Interview by Héctor Beltrán

Héctor Beltrán: In your book you conceptualize the hearsay public to provide a critique of liberal notions of publicity. Can you unpack how this relationship frames your argument, and the ethnographic labor involved in making these connections?

 Rihan Yeh: Passing looks at how, in Tijuana, a middle-class public oriented towards liberal ideals of public communication both faces off against and intertwines with a popular, working-class public that takes shape through genres of hearsay: communications framed as that which “everyone knows.” For me, what’s interesting about the hearsay public is that it provides a critique of liberal publicity from within. This isn’t a social formation based on any authentically ‘other’ cultural tradition; it arises from processes of marginalization and denials of recognition that are inherent to liberally-oriented “we”s.

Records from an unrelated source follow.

theorem lemma5p5:
  fixes f :: "real^'d \<Rightarrow> complex" and \<epsilon> :: real
  assumes "continuous_on UNIV f" and "bounded (range f)" and "\<epsilon> > 0"
  shows "\<exists>n0\<ge>1. \<forall>(m :: nat \<Rightarrow> 'd \<Rightarrow> nat) (B :: nat \<Rightarrow> ('d \<Rightarrow> nat) set) (\<mu> :: (real^'d) measure).
           (\<forall>n\<ge>1. in_D (m n) (B n)) \<and> prob_space \<mu> \<and> sets \<mu> = sets borel \<and>
           weak_conv_meas (\<lambda>n. measure_pmf (mu_pmf m B n)) \<mu> \<longrightarrow>
           cmod ((\<integral>x. f x \<partial>measure_pmf (mu_pmf m B n0)) - (\<integral>x. f x \<partial>\<mu>)) < \<epsilon>"
proof -
  obtain n0 where "1 \<le> n0" and Cauchy: "\<And>m B p. \<forall>k\<ge>1. in_D (m k) (B k) \<Longrightarrow> n0 \<le> p \<Longrightarrow>
      norm ((\<integral>x. f x \<partial>measure_pmf (mu_pmf m B p)) - (\<integral>x. f x \<partial>measure_pmf (mu_pmf m B n0))) \<le> \<epsilon> / 2"
  proof (rule mu_pmf_integral_uniformly_Cauchy[of f "\<epsilon> / 2"])
    show "continuous_on (cbox 0 1) f"
      using assms(1) by (rule continuous_on_subset) simp
  qed (use assms(2,3) in auto)
  show ?thesis
  proof (intro exI[of _ n0] conjI allI impI)
    fix m :: "nat \<Rightarrow> 'd \<Rightarrow> nat" and B \<mu>
    assume "(\<forall>n\<ge>1. in_D (m n) (B n)) \<and> prob_space \<mu> \<and> sets \<mu> = sets borel \<and>
      weak_conv_meas (\<lambda>n. measure_pmf (mu_pmf m B n)) \<mu>"
    then have D: "\<forall>n\<ge>1. in_D (m n) (B n)" and "prob_space \<mu>" and "sets \<mu> = sets borel"
      and weak: "weak_conv_meas (\<lambda>n. measure_pmf (mu_pmf m B n)) \<mu>" by auto
    have "(\<lambda>p. \<integral>x. f x \<partial>measure_pmf (mu_pmf m B p)) \<longlonglongrightarrow> (\<integral>x. f x \<partial>\<mu>)"
      using assms(1,2) integrable_prob_space_bounded_continuous[OF \<open>prob_space \<mu>\<close> \<open>sets \<mu> = sets borel\<close>]
      by (intro weak_conv_meas_complex[OF weak] integrable_measure_pmf_bounded)
    then have "norm ((\<integral>x. f x \<partial>\<mu>) - (\<integral>x. f x \<partial>measure_pmf (mu_pmf m B n0))) \<le> \<epsilon> / 2"
      by (rule LIMSEQ_norm_diff_le) (use Cauchy[OF D] in auto)
    then show "cmod ((\<integral>x. f x \<partial>measure_pmf (mu_pmf m B n0)) - (\<integral>x. f x \<partial>\<mu>)) < \<epsilon>"
      using \<open>0 < \<epsilon>\<close> by (simp add: norm_minus_commute)
  qed (fact \<open>1 \<le> n0\<close>)
qed

end
text \<open>Call $v$ critical if $\gamma(G - v) < \gamma(G)$. Hypo-uniqueness makes $G$ connected, and
  once $n \<ge> 3$ it makes every vertex critical: a non-critical vertex would have critical
  neighbours only of degree one, and trading such pendant vertices for their neighbours produces
  either a smaller dominating set or a second $\gamma$-set of some $G - v$. Then $G$ has no
  pendant vertices, and the unique $\gamma$-set $D$ of $G - v$ has, since it is unique, two
  private neighbours outside $D$ for each of its $\gamma - 1$ vertices; hence
  $2(\gamma - 1) \<le> (n - 1) - (\gamma - 1)$, i.e. $3\gamma \<le> n + 2$, which gives the bound.
  The graphs with $\gamma = 1$ and $\gamma = 2$ are read off from the $\gamma$-sets of the
  $G - v$, and the bound is attained only for $(n, \gamma) \<in> \{(2, 1), (4, 2), (7, 3)\}$; in the last
  case the equality in the private-neighbour count forces $G$ to be 2-regular with a
  Hamiltonian cycle, i.e. $G = C_7$.\<close>

lemma dominating_subset: "dominating W E D \<Longrightarrow> D \<subseteq> W"
  by (simp add: dominating_def)

lemma gamma_le:
  assumes "finite W" "dominating W E D"
  shows "gamma W E \<le> card D"
  unfolding gamma_def by (rule Least_le) (use assms in blast)

lemma gamma_set_exists:
  assumes "finite W"
  shows "\<exists>D. gamma_set W E D"
proof -
  have "dominating W E W"
    by (simp add: dominating_def)
  then have "\<exists>k D. dominating W E D \<and> card D = k"
    by blast
  then show ?thesis
    unfolding gamma_set_def gamma_def by (rule LeastI_ex)
qed

lemma gamma_setI:
  "finite W \<Longrightarrow> dominating W E D \<Longrightarrow> card D \<le> gamma W E \<Longrightarrow> gamma_set W E D"
  using gamma_le[of W E D] unfolding gamma_set_def by simp

lemma gamma_set_dominating: "gamma_set W E D \<Longrightarrow> dominating W E D"
  by (simp add: gamma_set_def)

lemma gamma_set_card: "gamma_set W E D \<Longrightarrow> card D = gamma W E"
  by (simp add: gamma_set_def)

lemma gamma_set_subset: "gamma_set W E D \<Longrightarrow> D \<subseteq> W"
  by (simp add: gamma_set_def dominating_def)

lemma gamma_set_finite: "finite W \<Longrightarrow> gamma_set W E D \<Longrightarrow> finite D"
  by (rule finite_subset[OF gamma_set_subset])

lemma gamma_le_card: "finite W \<Longrightarrow> gamma W E \<le> card W"
  by (rule gamma_le) (auto simp: dominating_def)

lemma gamma_pos:
  assumes "finite W" "W \<noteq> {}"
  shows "0 < gamma W E"
proof -
  obtain D where D: "gamma_set W E D"
    using gamma_set_exists[OF assms(1)] by blast
  have "D \<noteq> {}"
    using D assms(2) by (auto simp: gamma_set_def dominating_def)
  then show ?thesis
    using gamma_set_card[OF D] gamma_set_finite[OF assms(1) D] by (metis card_gt_0_iff)
qed

lemma dominating_Diff_singleton:
  "v \<notin> D \<Longrightarrow> dominating W E D \<Longrightarrow> dominating (W - {v}) E D"
  by (auto simp: dominating_def)

lemma dominating_insert:
  "dominating (W - {v}) E D \<Longrightarrow> v \<in> W \<Longrightarrow> dominating W E (insert v D)"
  by (auto simp: dominating_def)

lemma gamma_le_gamma_Diff_singleton:
  assumes "finite W" "v \<in> W"
  shows "gamma W E \<le> gamma (W - {v}) E + 1"
proof -
  obtain D where D: "gamma_set (W - {v}) E D"
    using gamma_set_exists[of "W - {v}" E] assms(1) by blast
  have "gamma W E \<le> card (insert v D)"
    using gamma_le[OF assms(1) dominating_insert[OF gamma_set_dominating[OF D] assms(2)]] .
  also have "\<dots> \<le> card D + 1"
    by (simp add: card_insert_le_m1)
  finally show ?thesis
    using gamma_set_card[OF D] by simp
qed

lemma gamma_set_del_vertex_edges_iff:
  "gamma_set (V - {v}) (del_vertex_edges V E v) D \<longleftrightarrow> gamma_set (V - {v}) E D"
proof -
  have "dominating (V - {v}) (del_vertex_edges V E v) = dominating (V - {v}) E"
    by (intro ext) (auto simp: dominating_def del_vertex_edges_def)
  then show ?thesis
    by (simp only: gamma_set_def gamma_def)
qed

definition pendant :: "('a \<Rightarrow> 'a \<Rightarrow> bool) \<Rightarrow> 'a \<Rightarrow> 'a \<Rightarrow> bool" where
  "pendant E l w \<longleftrightarrow> E l w \<and> (\<forall>z. E l z \<longrightarrow> z = w)"

lemma dominating_replace_pendants:
  assumes "symp E" "dominating W E D" "L \<subseteq> D" "w \<in> W" "\<forall>l\<in>L. pendant E l w"
  shows "dominating W E (insert w (D - L))"
  unfolding dominating_def
proof (intro conjI ballI)
  show "insert w (D - L) \<subseteq> W"
    using assms(2,4) by (auto simp: dominating_def)
next
  fix z assume z: "z \<in> W - insert w (D - L)"
  show "\<exists>u\<in>insert w (D - L). E z u"
  proof (cases "z \<in> L")
    case True
    then show ?thesis
      using assms(5) by (auto simp: pendant_def)
  next
    case False
    then obtain u where u: "u \<in> D" "E z u"
      using z assms(2) by (auto simp: dominating_def)
    have "u \<notin> L"
      using u(2) z assms(1,5) by (auto simp: pendant_def symp_def)
    then show ?thesis
      using u by blast
  qed
qed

These “we”s are always creating more “they”s out there, and the hearsay public is one – to me, very compelling – way to inhabit that position of the third person.

To see ethnographically how middle-class and popular senses of we-ness take shape in relationship to each other (as well as to the United States, via the border), you need a method that will hone in on the dialogic overtones of people’s interactions across a really wide variety of settings, from, say, checkpoint encounters to dinner-table discussions. These interactions, of course, also necessarily have to involve people not just from one urban community or socioeconomic niche, but from many, many walks of life. The ethnographic labor is in being there in all these different situations and being able to put them together—or, rather, seeing how other people put them together, on the fly, as they try to carve out a place for themselves in the city, in the nation, and in the wider world.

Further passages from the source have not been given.